Judgment
Sheet
IN THE HIGH COURT OF SINDH, BENCH
AT SUKKUR
Civil Revision No. S – 16 of 1996
Date of hearing: 20-09-2021
Date of decision: 20-09-2021
Mian
Mumtaz Rabbani Advocate for the Applicant.
Mr. Sarfaraz
Akhund Advocate for private Respondents.
Mr. Mehbood
Ali Wassan, Assistant Advocate General Sindh.
.-.-.-.-.-.-.-.-.-.-.
J
U D G M E N T
Muhammad
Junaid Ghaffar, J. – Through
this Civil Revision, the Applicant has impugned judgment dated 30.01.1996 passed
by the District Judge, Ghotki in Civil Appeal No.30 of 1994, whereby the judgment
passed by the Senior Civil Judge, Ghotki in F.C. Suit No.102 of 1984 dated 25.9.1994,
through which the Suit of Respondents was decreed, has been maintained and the
Appeal has been dismissed.
2. Heard
learned Counsel for the parties and perused the record.
3. An
effort has been made by the Applicants Counsel to have the concurrent findings
of the Courts below, set-aside by placing reliance on land grant policy as
according to him the Applicant was entitled for the grant of land in question
as he resided in the same Deh; however, it appears that the learned Appellate
Court, to resolve the issue took upon itself to visit the site and made oral
spot inquiry. The relevant findings of the Appellate Court read as under;
Today at the joint
request of the contesting parties i.e. Saifal and Moula Bux I visited the site
and made oral spot enquiries about the place of residence of these parties.
Residents of Shero Mahar and Ibrahim Mahar villages stated that Saifal resides
in village Ibrahim Mahar. His house was also shown to me by The villages
of Ibrahim Mahar
It must be
mentioned here that the perusal of the orders of learned Additional Commissioner,
Sukkur, and Member Board of Revenue show that Saifal had not claimed
himself to be resident of Shero Mahar before any of them. Before them he
was admittedly resident of village Ibrahim Mahar, but here he changed the
position by claiming to be resident of village Shero Mahar which is very near
to the disputed land. However, in the result of visit of the two villages
i.e.
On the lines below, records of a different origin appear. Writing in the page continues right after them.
(* Let $A:\mathbb{R}^n\to\mathbb{R}^n$ be a linear operator that is GTP (respectively, GSTP) with respect to a totally positive structure $\{K_1,\ldots,K_n\}$. Then the adjoint operator $A^*$ is GTP (respectively, GSTP) with respect to the totally positive structure $\{K_1^*,\ldots,K_n^*\}$.
   Context: A proper cone is a closed convex cone that is pointed and solid. $\wedge^j\mathbb{R}^n$ is the $j$th exterior power of $\mathbb{R}^n$, with inner product $\langle x_1\wedge\cdots\wedge x_j,y_1\wedge\cdots\wedge y_j\rangle=\det(\langle x_k,y_l\rangle)_{k,l=1}^j$; via these inner products dual spaces are identified with the spaces themselves, the adjoint $A^*$ is the transpose, and for a proper cone $K$ its adjoint cone is $K^*=\{x^*:\langle y,x^*\rangle\ge0\ \forall y\in K\}$. $\wedge^jA$ denotes the operator with $(\wedge^jA)(x_1\wedge\cdots\wedge x_j)=Ax_1\wedge\cdots\wedge Ax_j$. $B$ is $K$-nonnegative if $BK\subseteq K$, $K$-positive if $B(K\setminus\{0\})\subseteq\operatorname{int}K$. A totally positive structure is a family $\{K_1,\ldots,K_n\}$ with $K_j\subset\wedge^j\mathbb{R}^n$ proper cones; $A$ is GTP (GSTP) with respect to it if $\wedge^jA$ is $K_j$-nonnegative (resp. $K_j$-positive) for all $j=1,\ldots,n$. *)

theory Defs
  imports "HOL-Analysis.Analysis"
begin

text \<open>R^n is modelled by vectors
indexed by 0..n-1 and a linear operator by its matrix A :: nat => nat => real
(entry A i k, i,k < n).  The j-th exterior power is modelled in the standard
basis e_I = e_(i1) wedge ... wedge e_(ij), i1 < ... < ij, indexed by the j-subsets I
of {0..n-1}; an element is a function nat set => real vanishing off these
subsets.  The determinantal inner product makes this basis orthonormal, so
the inner product is the coordinate dot product.\<close>

definition subsets :: "nat \<Rightarrow> nat \<Rightarrow> nat set set" where
  "subsets n j = {I. I \<subseteq> {..<n} \<and> card I = j}"

definition wedge_space :: "nat \<Rightarrow> nat \<Rightarrow> (nat set \<Rightarrow> real) set" where
  "wedge_space n j = {x. \<forall>I. I \<notin> subsets n j \<longrightarrow> x I = 0}"

definition winner :: "nat \<Rightarrow> nat \<Rightarrow> (nat set \<Rightarrow> real) \<Rightarrow> (nat set \<Rightarrow> real) \<Rightarrow> real" where
  "winner n j x y = (\<Sum>I\<in>subsets n j. x I * y I)"

definition wnorm :: "nat \<Rightarrow> nat \<Rightarrow> (nat set \<Rightarrow> real) \<Rightarrow> real" where
  "wnorm n j x = sqrt (winner n j x x)"

definition ldet :: "nat \<Rightarrow> (nat \<Rightarrow> nat \<Rightarrow> real) \<Rightarrow> real" where
  "ldet j M = (\<Sum>p | p permutes {..<j}. of_int (sign p) * (\<Prod>k<j. M k (p k)))"

definition minor :: "(nat \<Rightarrow> nat \<Rightarrow> real) \<Rightarrow> nat set \<Rightarrow> nat set \<Rightarrow> real" where
  "minor A I J = ldet (card I)
     (\<lambda>k l. A (sorted_list_of_set I ! k) (sorted_list_of_set J ! l))"

text \<open>The operator wedge^j A on wedge^j R^n: its matrix in the basis e_I is the
j-th compound matrix (this is exactly the map with
(wedge^j A)(x1 wedge ... wedge xj) = A x1 wedge ... wedge A xj).\<close>
definition wedge_op :: "nat \<Rightarrow> nat \<Rightarrow> (nat \<Rightarrow> nat \<Rightarrow> real) \<Rightarrow> (nat set \<Rightarrow> real) \<Rightarrow> (nat set \<Rightarrow> real)" where
  "wedge_op n j A x = (\<lambda>I. if I \<in> subsets n j then (\<Sum>J\<in>subsets n j. minor A I J * x J) else 0)"

definition adjoint_mat :: "(nat \<Rightarrow> nat \<Rightarrow> real) \<Rightarrow> (nat \<Rightarrow> nat \<Rightarrow> real)" where
  "adjoint_mat A = (\<lambda>i k. A k i)"

definition winterior :: "nat \<Rightarrow> nat \<Rightarrow> (nat set \<Rightarrow> real) set \<Rightarrow> (nat set \<Rightarrow> real) set" where
  "winterior n j K = {x \<in> K. \<exists>e>0. \<forall>y\<in>wedge_space n j.
       wnorm n j (\<lambda>I. y I - x I) < e \<longrightarrow> y \<in> K}"

definition proper_cone :: "nat \<Rightarrow> nat \<Rightarrow> (nat set \<Rightarrow> real) set \<Rightarrow> bool" where
  "proper_cone n j K \<longleftrightarrow>
     K \<subseteq> wedge_space n j \<and>
     closed K \<and>
     (\<forall>x\<in>K. \<forall>y\<in>K. (\<lambda>I. x I + y I) \<in> K) \<and>
     (\<forall>x\<in>K. \<forall>c::real. c \<ge> 0 \<longrightarrow> (\<lambda>I. c * x I) \<in> K) \<and>
     (\<forall>x. x \<in> K \<and> (\<lambda>I. - x I) \<in> K \<longrightarrow> x = (\<lambda>_. 0)) \<and>
     winterior n j K \<noteq> {}"

definition adjoint_cone :: "nat \<Rightarrow> nat \<Rightarrow> (nat set \<Rightarrow> real) set \<Rightarrow> (nat set \<Rightarrow> real) set" where
  "adjoint_cone n j K = {y \<in> wedge_space n j. \<forall>x\<in>K. winner n j x y \<ge> 0}"

definition K_nonnegative :: "((nat set \<Rightarrow> real) \<Rightarrow> (nat set \<Rightarrow> real)) \<Rightarrow> (nat set \<Rightarrow> real) set \<Rightarrow> bool" where
  "K_nonnegative B K \<longleftrightarrow> (\<forall>x\<in>K. B x \<in> K)"

definition K_positive :: "nat \<Rightarrow> nat \<Rightarrow> ((nat set \<Rightarrow> real) \<Rightarrow> (nat set \<Rightarrow> real)) \<Rightarrow> (nat set \<Rightarrow> real) set \<Rightarrow> bool" where
  "K_positive n j B K \<longleftrightarrow> (\<forall>x\<in>K - {\<lambda>_. 0}. B x \<in> winterior n j K)"

definition totally_positive_structure :: "nat \<Rightarrow> (nat \<Rightarrow> (nat set \<Rightarrow> real) set) \<Rightarrow> bool" where
  "totally_positive_structure n K \<longleftrightarrow> (\<forall>j\<in>{1..n}. proper_cone n j (K j))"

definition GTP :: "nat \<Rightarrow> (nat \<Rightarrow> nat \<Rightarrow> real) \<Rightarrow> (nat \<Rightarrow> (nat set \<Rightarrow> real) set) \<Rightarrow> bool" where
  "GTP n A K \<longleftrightarrow> (\<forall>j\<in>{1..n}. K_nonnegative (wedge_op n j A) (K j))"

definition GSTP :: "nat \<Rightarrow> (nat \<Rightarrow> nat \<Rightarrow> real) \<Rightarrow> (nat \<Rightarrow> (nat set \<Rightarrow> real) set) \<Rightarrow> bool" where
  "GSTP n A K \<longleftrightarrow> (\<forall>j\<in>{1..n}. K_positive n j (wedge_op n j A) (K j))"

end

theory Submission
  imports Defs
begin

text \<open>The j-th compound matrix of the transpose is the transpose of the compound matrix
  (minors of a transpose), so \<open>\<And>\<^sup>j A\<^sup>*\<close> is the adjoint of \<open>\<And>\<^sup>j A\<close> for the coordinate inner
  product, and nonnegativity dualises at once:
  \<open>\<langle>x, (\<And>\<^sup>j A\<^sup>*) z\<rangle> = \<langle>(\<And>\<^sup>j A) x, z\<rangle> \<ge> 0\<close>.
  Positivity dualises through two facts about a proper cone K: an interior point of K pairs
  strictly positively with every nonzero element of \<open>K\<^sup>*\<close>, and y is interior to \<open>K\<^sup>*\<close> as soon
  as \<open>\<langle>x, y\<rangle> \<ge> c \<parallel>x\<parallel>\<close> on K for some c > 0, which by compactness of the unit sphere of K
  follows from strict positivity of \<open>\<langle>\<cdot>, y\<rangle>\<close> on that sphere. The same facts, together with the
  separation of nonzero points of K by functionals in \<open>K\<^sup>*\<close> (obtained by nearest-point
  projection onto K), show that \<open>K\<^sup>*\<close> is again a proper cone.\<close>

section \<open>Compound matrices of the transpose\<close>

lemma ldet_transpose: "ldet j (\<lambda>k l. M l k) = ldet j M"
proof -
  let ?U = "{..<j::nat}"
  have "of_int (sign (inv p)) * (\<Prod>k<j. M (inv p k) k) = of_int (sign p) * (\<Prod>k<j. M k (p k))"
    if p: "p permutes ?U" for p
  proof -
    have "sign (inv p) = sign p"
      by (metis sign_inverse finite_lessThan p permutation_permutes)
    moreover have "inj_on p ?U"
      using permutes_inj[OF p] by (blast intro: inj_on_subset)
    then have "(\<Prod>k<j. M (inv p k) k) = (\<Prod>k<j. M (inv p (p k)) (p k))"
      using prod.reindex[of p ?U "\<lambda>k. M (inv p k) k"] permutes_image[OF p] by simp
    ultimately show ?thesis
      using permutes_inverses(2)[OF p] by simp
  qed
  then show ?thesis unfolding ldet_def
    by (subst sum_permutations_inverse) (auto intro: sum.cong)
qed

lemma minor_adjoint_mat:
  assumes "I \<in> subsets n j" "J \<in> subsets n j"
  shows "minor (adjoint_mat A) I J = minor A J I"
proof -
  have "card I = card J" using assms by (simp add: subsets_def)
  then show ?thesis unfolding minor_def adjoint_mat_def
    using ldet_transpose[of "card J" "\<lambda>k l. A (sorted_list_of_set J ! k) (sorted_list_of_set I ! l)"]
    by simp
qed

lemma winner_wedge_op_adjoint_mat:
  "winner n j x (wedge_op n j (adjoint_mat A) z) = winner n j (wedge_op n j A x) z"
proof -
  have "winner n j x (wedge_op n j (adjoint_mat A) z)
     = (\<Sum>I\<in>subsets n j. \<Sum>J\<in>subsets n j. x I * (minor A J I * z J))"
    unfolding winner_def wedge_op_def
    by (auto simp: sum_distrib_left minor_adjoint_mat intro!: sum.cong)
  also have "\<dots> = (\<Sum>J\<in>subsets n j. \<Sum>I\<in>subsets n j. x I * (minor A J I * z J))"
    by (rule sum.swap)
  also have "\<dots> = winner n j (wedge_op n j A x) z"
    unfolding winner_def wedge_op_def
    by (auto simp: sum_distrib_right intro!: sum.cong)
  finally show ?thesis .
qed

lemma wedge_op_in_wedge_space: "wedge_op n j A x \<in> wedge_space n j"
  unfolding wedge_op_def wedge_space_def by auto

section \<open>The Euclidean structure of the exterior power\<close>

lemma finite_subsets [simp]: "finite (subsets n j)"
  unfolding subsets_def by (rule finite_subset[of _ "Pow {..<n}"]) auto

lemma winner_add_left [simp]:
  "winner n j (\<lambda>I. x I + y I) z = winner n j x z + winner n j y z"
  unfolding winner_def by (simp add: algebra_simps sum.distrib)

lemma winner_add_right [simp]:
  "winner n j z (\<lambda>I. x I + y I) = winner n j z x + winner n j z y"
  unfolding winner_def by (simp add: algebra_simps sum.distrib)

lemma winner_diff_left [simp]:
  "winner n j (\<lambda>I. x I - y I) z = winner n j x z - winner n j y z"
  unfolding winner_def by (simp add: algebra_simps sum_subtractf)

lemma winner_diff_right [simp]:
  "winner n j z (\<lambda>I. x I - y I) = winner n j z x - winner n j z y"
  unfolding winner_def by (simp add: algebra_simps sum_subtractf)

lemma winner_minus_right [simp]: "winner n j x (\<lambda>I. - y I) = - winner n j x y"
  unfolding winner_def by (simp add: sum_negf)

lemma winner_minus_left [simp]: "winner n j (\<lambda>I. - x I) y = - winner n j x y"
  unfolding winner_def by (simp add: sum_negf)

lemma winner_scale_left [simp]: "winner n j (\<lambda>I. c * x I) y = c * winner n j x y"
  unfolding winner_def by (simp add: sum_distrib_left algebra_simps)

lemma winner_scale_right [simp]: "winner n j x (\<lambda>I. c * y I) = c * winner n j x y"
  unfolding winner_def by (simp add: sum_distrib_left algebra_simps)

lemma winner_sum_right: "winner n j x (\<lambda>I. \<Sum>r\<in>F. r I) = (\<Sum>r\<in>F. winner n j x r)"
  unfolding winner_def sum_distrib_left by (rule sum.swap)

lemma winner_commute: "winner n j x y = winner n j y x"
  unfolding winner_def by (simp add: mult.commute)

lemma winner_zero_left [simp]: "winner n j (\<lambda>_. 0) y = 0"
  unfolding winner_def by simp

lemma wnorm_eq_L2_set: "wnorm n j x = L2_set x (subsets n j)"
  unfolding wnorm_def winner_def L2_set_def by (simp add: power2_eq_square)

lemma winner_self: "winner n j x x = (wnorm n j x)\<^sup>2"
  unfolding wnorm_def winner_def by (simp add: sum_nonneg)

lemma wnorm_zero [simp]: "wnorm n j (\<lambda>_. 0) = 0"
  by (simp add: wnorm_def winner_def)

lemma wnorm_nonneg: "wnorm n j x \<ge> 0"
  by (simp add: wnorm_eq_L2_set)
text \<open>An abstract end space: the classes of \<open>R\<close>, topologised by prescribing the value \<open>K\<close> of
  the invariant \<open>c A\<close>; the hypothesis \<open>c\<close> says that this invariant is read off the direction.\<close>
lemma end_space_homeomorphic_direction_space:
  fixes d :: "'r \<Rightarrow> 'b \<Rightarrow> 'k" and c :: "'b \<Rightarrow> 'r set \<Rightarrow> 'k"
  assumes R: "\<And>x y. P x \<Longrightarrow> P y \<Longrightarrow> R x y \<longleftrightarrow> d x = d y"
    and c: "\<And>x A K. P x \<Longrightarrow> basic A K \<Longrightarrow> c A {y. P y \<and> R x y} = d x A"
  shows "subtopology
      (topology_generated_by {{\<omega> \<in> {{y. P y \<and> R x y} | x. P x}. c A \<omega> = K} | A K. basic A K})
      {{y. P y \<and> R x y} | x. P x}
    homeomorphic_space topology_generated_by {{f \<in> d ` {x. P x}. f A = K} | A K. basic A K}"
    (is "subtopology (topology_generated_by ?\<B>) ?\<Omega> homeomorphic_space _")
proof -
  have "\<exists>G. (\<forall>x. P x \<longrightarrow> G {y. P y \<and> R x y} = d x) \<and> inj_on G ?\<Omega>"
    by (rule classes_of_equal_directions) (rule R)
  then obtain G where G: "\<forall>x. P x \<longrightarrow> G {y. P y \<and> R x y} = d x" and inj: "inj_on G ?\<Omega>"
    by (elim exE conjE)
  have image: "G ` {\<omega> \<in> ?\<Omega>. c A \<omega> = K} = {f \<in> d ` {x. P x}. f A = K}" if A: "basic A K" for A K
  proof (intro equalityI subsetI)
    fix f assume "f \<in> G ` {\<omega> \<in> ?\<Omega>. c A \<omega> = K}"
    then obtain x where "P x" "c A {y. P y \<and> R x y} = K" "f = G {y. P y \<and> R x y}" by blast
    then show "f \<in> {f \<in> d ` {x. P x}. f A = K}" using G c[OF _ A] by simp
  next
    fix f assume "f \<in> {f \<in> d ` {x. P x}. f A = K}"
    then obtain x where x: "P x" "d x A = K" "f = d x" by blast
    have "{y. P y \<and> R x y} \<in> ?\<Omega>" by (intro CollectI exI[of _ x] conjI) (simp_all add: x(1))
    then have "{y. P y \<and> R x y} \<in> {\<omega> \<in> ?\<Omega>. c A \<omega> = K}" using c[OF x(1) A] x(2) by simp
    moreover have "f = G {y. P y \<and> R x y}" using G x(1,3) by simp
    ultimately show "f \<in> G ` {\<omega> \<in> ?\<Omega>. c A \<omega> = K}" by blast
  qed
  have "(`) G ` ?\<B> = {{f \<in> d ` {x. P x}. f A = K} | A K. basic A K}"
  proof (intro equalityI subsetI)
    fix X assume "X \<in> (`) G ` ?\<B>"
    then obtain A K where AK: "basic A K" "X = G ` {\<omega> \<in> ?\<Omega>. c A \<omega> = K}" by blast
    then show "X \<in> {{f \<in> d ` {x. P x}. f A = K} | A K. basic A K}"
      using image[OF AK(1)] by (intro CollectI exI[of _ A] exI[of _ K]) simp
  next
    fix X assume "X \<in> {{f \<in> d ` {x. P x}. f A = K} | A K. basic A K}"
    then obtain A K where AK: "basic A K" "X = G ` {\<omega> \<in> ?\<Omega>. c A \<omega> = K}" using image by blast
    then have "{\<omega> \<in> ?\<Omega>. c A \<omega> = K} \<in> ?\<B>" by (intro CollectI exI[of _ A] exI[of _ K]) simp
    then show "X \<in> (`) G ` ?\<B>" using AK(2) by (rule rev_image_eqI)
  qed
  moreover have B_sub: "\<Union>?\<B> \<subseteq> ?\<Omega>" by (rule Union_least) auto
  then have "topology_generated_by ?\<B> homeomorphic_space topology_generated_by ((`) G ` ?\<B>)"
    using inj by (intro homeomorphic_topology_generated_by_image) (rule inj_on_subset)
  moreover have "subtopology (topology_generated_by ?\<B>) ?\<Omega> = topology_generated_by ?\<B>"
    using B_sub by (intro subtopology_superset) simp
  ultimately show ?thesis by simp
qed

lemma dg_end_comp_eq_ray_direction:
  assumes r: "solid_ray V E r" and A: "finite A" "A \<subseteq> V"
  shows "dg_end_comp V E A {s. solid_ray V E s \<and> ray_equiv V E r s} = ray_direction V E r A"
  unfolding dg_end_comp_def
proof (rule the_equality)
  have "tail_in s (ray_direction V E r A)" if "solid_ray V E s" "ray_equiv V E r s" for s
    using ray_direction_spec(2)[OF that(1) A] ray_equiv_iff_direction[OF r that(1)] that(2) by simp
  then show "ray_direction V E r A \<in> strong_components V E A \<and>
      (\<forall>s\<in>{s. solid_ray V E s \<and> ray_equiv V E r s}. tail_in s (ray_direction V E r A))"
    using ray_direction_spec(1)[OF r A] by blast
next
  fix K
  assume K: "K \<in> strong_components V E A \<and> (\<forall>s\<in>{s. solid_ray V E s \<and> ray_equiv V E r s}. tail_in s K)"
  have "ray_equiv V E r r" using ray_equiv_iff_direction[OF r r] by simp
  then have "tail_in r K" using K r by blast
  then show "K = ray_direction V E r A" using ray_direction_eqI[OF A conjunct1[OF K]] by simp
qed

lemma dg_end_space_homeomorphic_directions:
  "dg_end_space V E homeomorphic_space topology_generated_by
     {{f \<in> ray_direction V E ` {r. solid_ray V E r}. f A = K} | A K.
        finite A \<and> A \<subseteq> V \<and> K \<in> strong_components V E A}"
  unfolding dg_end_space_def dg_ends_def
  by (rule end_space_homeomorphic_direction_space[where P = "solid_ray V E" and R = "ray_equiv V E"
      and d = "ray_direction V E" and c = "dg_end_comp V E"
      and basic = "\<lambda>A K. finite A \<and> A \<subseteq> V \<and> K \<in> strong_components V E A"])
    (simp_all add: ray_equiv_iff_direction dg_end_comp_eq_ray_direction)

lemma cn_end_comp_eq_necklace_direction:
  assumes N: "necklace V (digraph_connectoid_family V E) N" and A: "finite A" "A \<subseteq> V"
  shows "cn_end_comp V (digraph_connectoid_family V E) A
      {M. necklace V (digraph_connectoid_family V E) M \<and>
          necklace_equiv V (digraph_connectoid_family V E) N M}
    = necklace_direction V E N A"
proof -
  let ?F = "digraph_connectoid_family V E"
  let ?cls = "{M. necklace V ?F M \<and> necklace_equiv V ?F N M}"
  have V: "infinite V" by (rule necklace_digraph_infinite_vertices[OF N])
  have tail: "necklace_tail V ?F M A \<subseteq> necklace_direction V E N A" if "M \<in> ?cls" for M
  proof -
    have M: "necklace V ?F M" "necklace_direction V E M = necklace_direction V E N"
      using that necklace_equiv_iff_direction[OF N] by auto
    show ?thesis
      using necklace_tail_subset_iff[OF M(1) A(1) necklace_direction_spec(1)[OF M(1) A]]
        necklace_direction_spec(2)[OF M(1) A] M(2) by simp
  qed
  show ?thesis
    unfolding cn_end_comp_def cn_components_digraph_eq_strong_components[OF V A(1)]
  proof (rule the_equality)
    show "necklace_direction V E N A \<in> strong_components V E A \<and>
        (\<forall>M\<in>?cls. necklace_tail V ?F M A \<subseteq> necklace_direction V E N A)"
      using necklace_direction_spec(1)[OF N A] tail by blast
  next
    fix K assume K: "K \<in> strong_components V E A \<and> (\<forall>M\<in>?cls. necklace_tail V ?F M A \<subseteq> K)"
    have "N \<in> ?cls" using N necklace_equiv_iff_direction[OF N N] by simp
    then have "finite (N - K)" using K necklace_tail_subset_iff[OF N A(1)] by blast
    then show "K = necklace_direction V E N A" using necklace_direction_eqI[OF N A conjunct1[OF K]] by simp
  qed
qed

lemma cn_end_space_homeomorphic_directions:
  assumes "infinite V"
  shows "cn_end_space V (digraph_connectoid_family V E) homeomorphic_space topology_generated_by
     {{f \<in> necklace_direction V E ` {N. necklace V (digraph_connectoid_family V E) N}. f A = K} | A K.
        finite A \<and> A \<subseteq> V \<and> K \<in> strong_components V E A}"
proof -
  let ?F = "digraph_connectoid_family V E"
  have "cn_end_space V ?F homeomorphic_space topology_generated_by
     {{f \<in> necklace_direction V E ` {N. necklace V ?F N}. f A = K} | A K.
        finite A \<and> A \<subseteq> V \<and> K \<in> cn_components V ?F (V - A)}"
    unfolding cn_end_space_def cn_ends_def
    by (rule end_space_homeomorphic_direction_space[where P = "necklace V ?F"
        and R = "necklace_equiv V ?F" and d = "necklace_direction V E" and c = "cn_end_comp V ?F"
        and basic = "\<lambda>A K. finite A \<and> A \<subseteq> V \<and> K \<in> cn_components V ?F (V - A)"])
      (simp_all add: necklace_equiv_iff_direction cn_end_comp_eq_necklace_direction)
  then show ?thesis
    by (simp add: cn_components_digraph_eq_strong_components[OF assms] cong: conj_cong)
qed

lemma dg_ends_finite: "finite V \<Longrightarrow> dg_ends V E = {}"
proof -
  assume V: "finite V"
  have "\<not> solid_ray V E r" for r
  proof
    assume "solid_ray V E r"
    then have "inj r" "range r \<subseteq> V" unfolding solid_ray_def directed_ray_def by auto
    then show False using range_inj_infinite V finite_subset by blast
  qed
  then show ?thesis unfolding dg_ends_def by blast
qed

lemma cn_ends_digraph_finite: "finite V \<Longrightarrow> cn_ends V (digraph_connectoid_family V E) = {}"
proof -
  assume V: "finite V"
  have "\<not> necklace V (digraph_connectoid_family V E) N" for N
    using necklace_digraph_infinite_vertices[of V E N] V by auto
  then show ?thesis unfolding cn_ends_def by blast
qed

theorem lemma4p5:
  fixes V :: "'a set" and E :: "('a \<times> 'a) set"
  assumes "E \<subseteq> V \<times> V"
  shows "dg_end_space V E homeomorphic_space
           cn_end_space V (digraph_connectoid_family V E)"
proof (cases "finite V")
  case True
  then show ?thesis
    unfolding dg_end_space_def cn_end_space_def dg_ends_finite[OF True] cn_ends_digraph_finite[OF True]
    by (simp add: homeomorphic_empty_space_eq)
next
  case False
  from dg_end_space_homeomorphic_directions[of V E]
  have "dg_end_space V E homeomorphic_space topology_generated_by
     {{f \<in> necklace_direction V E ` {N. necklace V (digraph_connectoid_family V E) N}. f A = K} | A K.
        finite A \<and> A \<subseteq> V \<and> K \<in> strong_components V E A}"
    unfolding ray_directions_eq_necklace_directions .
  also have "\<dots> homeomorphic_space cn_end_space V (digraph_connectoid_family V E)"
    using cn_end_space_homeomorphic_directions[OF False] homeomorphic_space_sym by blast
  finally show ?thesis .
qed

end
Shero Mahar and Ibrahim Mahar and the oral spot inquiries it became clear
that Saifal is residing in out skirts of village Ibrahim Mahar.
Admittedly village
Ibrahim Mahar is situate in Deh Ibrahim Mahar wherein the
disputed land is situate, whereas Razo Mahar the village of Moula Bux though
near to the disputed land than Ibrahim Mahar village, is situate in an other
Deh namely Qazi Badal.
The learned Member
Board of Revenue has cancelled the grant of Moula Bux on the ground that
his village Razo Mahar though nearer to the disputed land is situate in an
other Deh, therefore, Saifal being resident of same Deh has
preferential right/ claim. In my view the learned Member Board of
Revenue has ignored the order of priority in land grant policy. In that order
at b-it is a candidate residing in village near to the land in question and at
c, it is the person president of same Deh. Thus it becomes clear that
priority is to the person who resides near to the land in
question, irrespective of Deh. Obviously if one of the two candidates
resides in sam Deh, but at more distance from the other candidate who
resides in the adjoining Deh then, in view of the priority at b, the later
has the preferential claim and right. Learned Member Board of
Revenue cancelled the grant of Moula Bux after giving finding that his
village Razo Mahar is near to the disputed land as against Ibrahim Mahar
the village of appellant Saifal, which is definitely not in accordance
with the land grant policy. His order is, therefore, illegal and
has rightly been declared so by the learned trial court.
In view of his
preferential right as against Saifal cancellation of grant in favour of
Moula Bux was not warranted even if he could not establish P.K.M. right
over the land as his case falls under priority immediately after P.K.M. right.
4. After
having perused the aforesaid finding of the learned Appellate Court, the
Counsel for the Applicants was confronted as to any illegality in the same, and
he was unable to respond satisfactorily. Not only the case of the Applicant
regarding his residence and his claim has been belied in the above report of
the site inspection; but so also even otherwise, in view of the interpretation
arrived at as above, he has no case for grant of the land in question under the
policy.
5. Therefore, I do not see any misreading or non-reading of the material or evidence on record, whereas, no case of upsetting the concurrent findings of the two Courts below is made out; hence, by means of a short order in the earlier part of the day this Revision Application was dismissed, and these are the reasons thereof.